In [13]: class Wrapper:
    ...:     def __init__(self, f):
    ...:         self.f = f
    ...:     def __call__(self, *args, **kwargs):
    ...:         return self.f(*args, **kwargs)
    ...:     

In [14]: class MyEnum3(Enum):
    ...:     a = Wrapper(f)
    ...:     

In [15]: list(MyEnum3)
Out[15]: [<MyEnum3.a: <__main__.Wrapper object at 0x7f413075b358>>]

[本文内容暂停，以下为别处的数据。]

(* Let $\mathcal{H}$ be an $n$-dimensional (real or complex) Hilbert space, let $F=\{f_i\}_{i=1}^N$ be a frame for $\mathcal{H}$ with frame operator $S_F$, and let $\{q_i\}_{i=1}^N$ be the weight number sequence associated with a probability sequence $\{p_i\}_{i=1}^N$. Let $l=\max_{1\le i\le N}\{q_i\|S_F^{-1/2}f_i\|^2+q_i\|f_i\|\,\|S_F^{-1}f_i\|\}$, $\Lambda_1=\{i: q_i\|S_F^{-1/2}f_i\|^2+q_i\|f_i\|\,\|S_F^{-1}f_i\|=l\}$, $\Lambda_2=\{1,\dots,N\}\setminus\Lambda_1$, and $H_j=\operatorname{span}\{f_i:i\in\Lambda_j\}$ for $j=1,2$. If $H_1\cap H_2=\{0\}$ and $\{f_i\}_{i\in\Lambda_1}$ is linearly independent, then $S_F^{-1}F\in\Delta_F^{(1)}$. Moreover, if in addition $N>n$, then $S_F^{-1}F$ is not the unique 1-erasure PASOD-frame of $F$.
   Context: A finite sequence $F=\{f_i\}_{i=1}^N$ in $\mathcal{H}$ is a frame if there are $A,B>0$ with $A\|f\|^2\le\sum_{i=1}^N|\langle f,f_i\rangle|^2\le B\|f\|^2$ for all $f$. The frame operator is $S_Ff=\sum_{i=1}^N\langle f,f_i\rangle f_i$ (positive invertible) and the canonical dual is $S_F^{-1}F=\{S_F^{-1}f_i\}_{i=1}^N$. A frame $G=\{g_i\}_{i=1}^N$ is a dual of $F$ if $f=\sum_i\langle f,f_i\rangle g_i=\sum_i\langle f,g_i\rangle f_i$ for all $f$. A probability sequence is $\{p_i\}_{i=1}^N$ with $0\le p_i\le1$, $\sum p_i=1$; weight numbers $q_i=\frac{\sum_{j} p_j}{\sum_{j} p_j-p_i}\cdot\frac{N-1}{n}$. For $\Lambda\subseteq\{1,\dots,N\}$ the error operator is $E_{\Lambda,(F,G)}f=\sum_{i\in\Lambda}q_i\langle f,f_i\rangle g_i$. Set $\mathcal{A}_P^{(1)}(F,G)=\max_{|\Lambda|=1}\frac{\|E_{\Lambda,(F,G)}\|+\rho(E_{\Lambda,(F,G)})}{2}$ (operator norm and spectral radius). $\Delta_F^{(1)}$ is the set of duals $G$ of $F$ minimizing $\mathcal{A}_P^{(1)}(F,\cdot)$ over all duals of $F$ (1-erasure PASOD-frames of $F$). *)

theory Defs
  imports "HOL-Analysis.Analysis"
begin

text \<open>The Hilbert space H is modelled as 'k^'n with 'k = complex (cj = cnj) or
'k = real (cj = id); n = CARD('n). Inner product linear in the first argument.
Frames are indexed by {1..N}.\<close>

definition ip :: "('k::field \<Rightarrow> 'k) \<Rightarrow> 'k^'n::finite \<Rightarrow> 'k^'n \<Rightarrow> 'k" where
  "ip cj x y = (\<Sum>i\<in>UNIV. x$i * cj (y$i))"

definition is_frame :: "('k::real_normed_field \<Rightarrow> 'k) \<Rightarrow> nat \<Rightarrow> (nat \<Rightarrow> 'k^'n::finite) \<Rightarrow> bool" where
  "is_frame cj N F \<longleftrightarrow> (\<exists>A B. 0 < A \<and> 0 < B \<and>
     (\<forall>f. A * (norm f)^2 \<le> (\<Sum>i=1..N. (norm (ip cj f (F i)))^2) \<and>
          (\<Sum>i=1..N. (norm (ip cj f (F i)))^2) \<le> B * (norm f)^2))"

definition frame_op :: "('k::field \<Rightarrow> 'k) \<Rightarrow> nat \<Rightarrow> (nat \<Rightarrow> 'k^'n::finite) \<Rightarrow> 'k^'n \<Rightarrow> 'k^'n" where
  "frame_op cj N F = (\<lambda>f. \<Sum>i=1..N. ip cj f (F i) *s F i)"

definition klinear :: "('k::field^'n::finite \<Rightarrow> 'k^'n) \<Rightarrow> bool" where
  "klinear T \<longleftrightarrow> (\<forall>x y. T (x + y) = T x + T y) \<and> (\<forall>c x. T (c *s x) = c *s T x)"

definition positive_op :: "('k::real_normed_field \<Rightarrow> 'k) \<Rightarrow> ('k^'n::finite \<Rightarrow> 'k^'n) \<Rightarrow> bool" where
  "positive_op cj T \<longleftrightarrow> klinear T \<and> (\<forall>x y. ip cj (T x) y = ip cj x (T y)) \<and>
     (\<forall>x. \<exists>r\<ge>0. ip cj (T x) x = of_real r)"

definition op_sqrt :: "('k::real_normed_field \<Rightarrow> 'k) \<Rightarrow> ('k^'n::finite \<Rightarrow> 'k^'n) \<Rightarrow> ('k^'n \<Rightarrow> 'k^'n)" where
  "op_sqrt cj T = (THE R. positive_op cj R \<and> R \<circ> R = T)"

definition canonical_dual :: "('k::field \<Rightarrow> 'k) \<Rightarrow> nat \<Rightarrow> (nat \<Rightarrow> 'k^'n::finite) \<Rightarrow> nat \<Rightarrow> 'k^'n" where
  "canonical_dual cj N F = (\<lambda>i. inv (frame_op cj N F) (F i))"

definition is_dual :: "('k::real_normed_field \<Rightarrow> 'k) \<Rightarrow> nat \<Rightarrow> (nat \<Rightarrow> 'k^'n::finite) \<Rightarrow> (nat \<Rightarrow> 'k^'n) \<Rightarrow> bool" where
  "is_dual cj N F G \<longleftrightarrow> is_frame cj N G \<and>
     (\<forall>f. f = (\<Sum>i=1..N. ip cj f (F i) *s G i) \<and> f = (\<Sum>i=1..N. ip cj f (G i) *s F i))"

definition prob_seq :: "nat \<Rightarrow> (nat \<Rightarrow> real) \<Rightarrow> bool" where
  "prob_seq N p \<longleftrightarrow> (\<forall>i\<in>{1..N}. 0 \<le> p i \<and> p i \<le> 1) \<and> (\<Sum>i=1..N. p i) = 1"

definition weight_num :: "nat \<Rightarrow> nat \<Rightarrow> (nat \<Rightarrow> real) \<Rightarrow> nat \<Rightarrow> real" where
  "weight_num N n p i = (\<Sum>j=1..N. p j) / ((\<Sum>j=1..N. p j) - p i) * ((real N - 1) / real n)"

definition error_op :: "('k::real_normed_field \<Rightarrow> 'k) \<Rightarrow> (nat \<Rightarrow> real) \<Rightarrow> (nat \<Rightarrow> 'k^'n::finite)
    \<Rightarrow> (nat \<Rightarrow> 'k^'n) \<Rightarrow> nat set \<Rightarrow> 'k^'n \<Rightarrow> 'k^'n" where
  "error_op cj q F G \<Lambda> = (\<lambda>f. \<Sum>i\<in>\<Lambda>. (of_real (q i) * ip cj f (F i)) *s G i)"

definition is_eigenvalue :: "('k::field^'n::finite \<Rightarrow> 'k^'n) \<Rightarrow> 'k \<Rightarrow> bool" where
  "is_eigenvalue T c \<longleftrightarrow> (\<exists>v. v \<noteq> 0 \<and> T v = c *s v)"

definition spec_radius :: "('k::real_normed_field^'n::finite \<Rightarrow> 'k^'n) \<Rightarrow> real" where
  "spec_radius T = (let E = {norm c | c. is_eigenvalue T c} in if E = {} then 0 else Sup E)"

definition A1 :: "('k::real_normed_field \<Rightarrow> 'k) \<Rightarrow> nat \<Rightarrow> (nat \<Rightarrow> real) \<Rightarrow> (nat \<Rightarrow> 'k^'n::finite)
    \<Rightarrow> (nat \<Rightarrow> 'k^'n) \<Rightarrow> real" where
  "A1 cj N p F G = Max ((\<lambda>i. (onorm (error_op cj (weight_num N CARD('n) p) F G {i})
        + spec_radius (error_op cj (weight_num N CARD('n) p) F G {i})) / 2) ` {1..N})"

definition pasod1 :: "('k::real_normed_field \<Rightarrow> 'k) \<Rightarrow> nat \<Rightarrow> (nat \<Rightarrow> real) \<Rightarrow> (nat \<Rightarrow> 'k^'n::finite)
    \<Rightarrow> (nat \<Rightarrow> 'k^'n) set" where
  "pasod1 cj N p F = {G. is_dual cj N F G \<and> (\<forall>G'. is_dual cj N F G' \<longrightarrow> A1 cj N p F G \<le> A1 cj N p F G')}"

definition crit :: "('k::real_normed_field \<Rightarrow> 'k) \<Rightarrow> nat \<Rightarrow> (nat \<Rightarrow> real) \<Rightarrow> (nat \<Rightarrow> 'k^'n::finite) \<Rightarrow> nat \<Rightarrow> real" where
  "crit cj N p F i = (let q = weight_num N CARD('n) p; Si = inv (frame_op cj N F) in
     q i * (norm (op_sqrt cj Si (F i)))^2 + q i * norm (F i) * norm (Si (F i)))"

definition lmax :: "('k::real_normed_field \<Rightarrow> 'k) \<Rightarrow> nat \<Rightarrow> (nat \<Rightarrow> real) \<Rightarrow> (nat \<Rightarrow> 'k^'n::finite) \<Rightarrow> real" where
  "lmax cj N p F = Max (crit cj N p F ` {1..N})"

definition Lambda1 :: "('k::real_normed_field \<Rightarrow> 'k) \<Rightarrow> nat \<Rightarrow> (nat \<Rightarrow> real) \<Rightarrow> (nat \<Rightarrow> 'k^'n::finite) \<Rightarrow> nat set" where
  "Lambda1 cj N p F = {i\<in>{1..N}. crit cj N p F i = lmax cj N p F}"

definition kspan_fam :: "nat set \<Rightarrow> (nat \<Rightarrow> 'k::field^'n::finite) \<Rightarrow> ('k^'n) set" where
  "kspan_fam \<Lambda> F = {x. \<exists>c. x = (\<Sum>i\<in>\<Lambda>. c i *s F i)}"

definition lin_indep_fam :: "nat set \<Rightarrow> (nat \<Rightarrow> 'k::field^'n::finite) \<Rightarrow> bool" where
  "lin_indep_fam \<Lambda> F \<longleftrightarrow> (\<forall>c. (\<Sum>i\<in>\<Lambda>. c i *s F i) = 0 \<longrightarrow> (\<forall>i\<in>\<Lambda>. c i = 0))"

end

theory Submission
  imports Defs
begin

text \<open>Two duals \<open>G\<close>, \<open>G'\<close> of \<open>F\<close> satisfy \<open>\<Sum>\<^sub>i \<langle>h, g\<^sub>i - g'\<^sub>i\<rangle> f\<^sub>i = 0\<close> for every \<open>h\<close>. Since
  the \<open>f\<^sub>i\<close> with \<open>i \<in> \<Lambda>\<^sub>1\<close> are independent and their span meets that of the remaining
  \<open>f\<^sub>i\<close> only in \<open>0\<close>, every dual coincides with \<open>S\<^sup>-\<^sup>1F\<close> on \<open>\<Lambda>\<^sub>1\<close>. The one-erasure
  error operator \<open>f \<mapsto> q\<^sub>i\<langle>f, f\<^sub>i\<rangle>g\<^sub>i\<close> has rank one, with norm \<open>q\<^sub>i\<parallel>f\<^sub>i\<parallel>\<parallel>g\<^sub>i\<parallel>\<close> and spectral
  radius \<open>q\<^sub>i|\<langle>g\<^sub>i, f\<^sub>i\<rangle>|\<close>; for \<open>g\<^sub>i = S\<^sup>-\<^sup>1f\<^sub>i\<close> their sum is the quantity maximised by \<open>l\<close>,
  because \<open>\<parallel>S\<^sup>-\<^sup>1\<^sup>/\<^sup>2f\<^sub>i\<parallel>\<^sup>2 = \<langle>S\<^sup>-\<^sup>1f\<^sub>i, f\<^sub>i\<rangle>\<close>. Hence every dual has cost at least \<open>l/2\<close>,
  which \<open>S\<^sup>-\<^sup>1F\<close> attains.

  If \<open>N > n\<close>, the \<open>f\<^sub>i\<close> with \<open>i \<notin> \<Lambda>\<^sub>1\<close> are dependent, say \<open>\<Sum> c\<^sub>i f\<^sub>i = 0\<close>, and
  \<open>S\<^sup>-\<^sup>1f\<^sub>i + t cnj(c\<^sub>i) w\<close> is again a dual. It agrees with \<open>S\<^sup>-\<^sup>1F\<close> on \<open>\<Lambda>\<^sub>1\<close>, and off
  \<open>\<Lambda>\<^sub>1\<close> the cost of \<open>S\<^sup>-\<^sup>1F\<close> is strictly below \<open>l/2\<close>, so for small \<open>t \<noteq> 0\<close> it is
  another optimal dual.

  Since \<open>S\<^sup>-\<^sup>1\<^sup>/\<^sup>2\<close> is a definite description, it is meaningful only once positive square
  roots are known to exist uniquely; both follow from the spectral theorem, proved
  variationally.\<close>

lemma norm_vector_smult: "norm (c *s (x::'k::real_normed_field^'n)) = norm c * norm x"
proof -
  have "norm (c *s x) = L2_set (\<lambda>i. norm c * norm (x$i)) UNIV"
    by (simp add: norm_vec_def norm_mult)
  also have "\<dots> = norm c * norm x"
    by (simp add: norm_vec_def L2_set_right_distrib)
  finally show ?thesis .
qed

此外，请注意，如果您希望，可以在枚举类中定义__call__方法，使值成为可调用对象：

In [1]: from enum import Enum

In [2]: def f(*args):
   ...:     print(args)
   ...:     

In [3]: class MyEnum(Enum):
   ...:     a = partial(f)
   ...:     def __call__(self, *args):
   ...:         self.value(*args)
   ...:         

In [5]: MyEnum.a(1,2,3)   # no need for MyEnum.a.value(1,2,3)
(1, 2, 3)

从Python 3.11开始，有了更加简洁易懂的方法。在enum中添加了member和nonmember函数等多项改进，所以现在您可以执行以下操作：

from enum import Enum, member

def fn(x):
    print(x)

class MyEnum(Enum):
    meth = fn
    mem = member(fn)
    @classmethod
    def this_is_a_method(cls):
        print('No, still not a member')
    def this_is_just_function():
        print('No, not a member')
    @member
    def this_is_a_member(x):
        print('Now a member!', x)

现在

>>> list(MyEnum)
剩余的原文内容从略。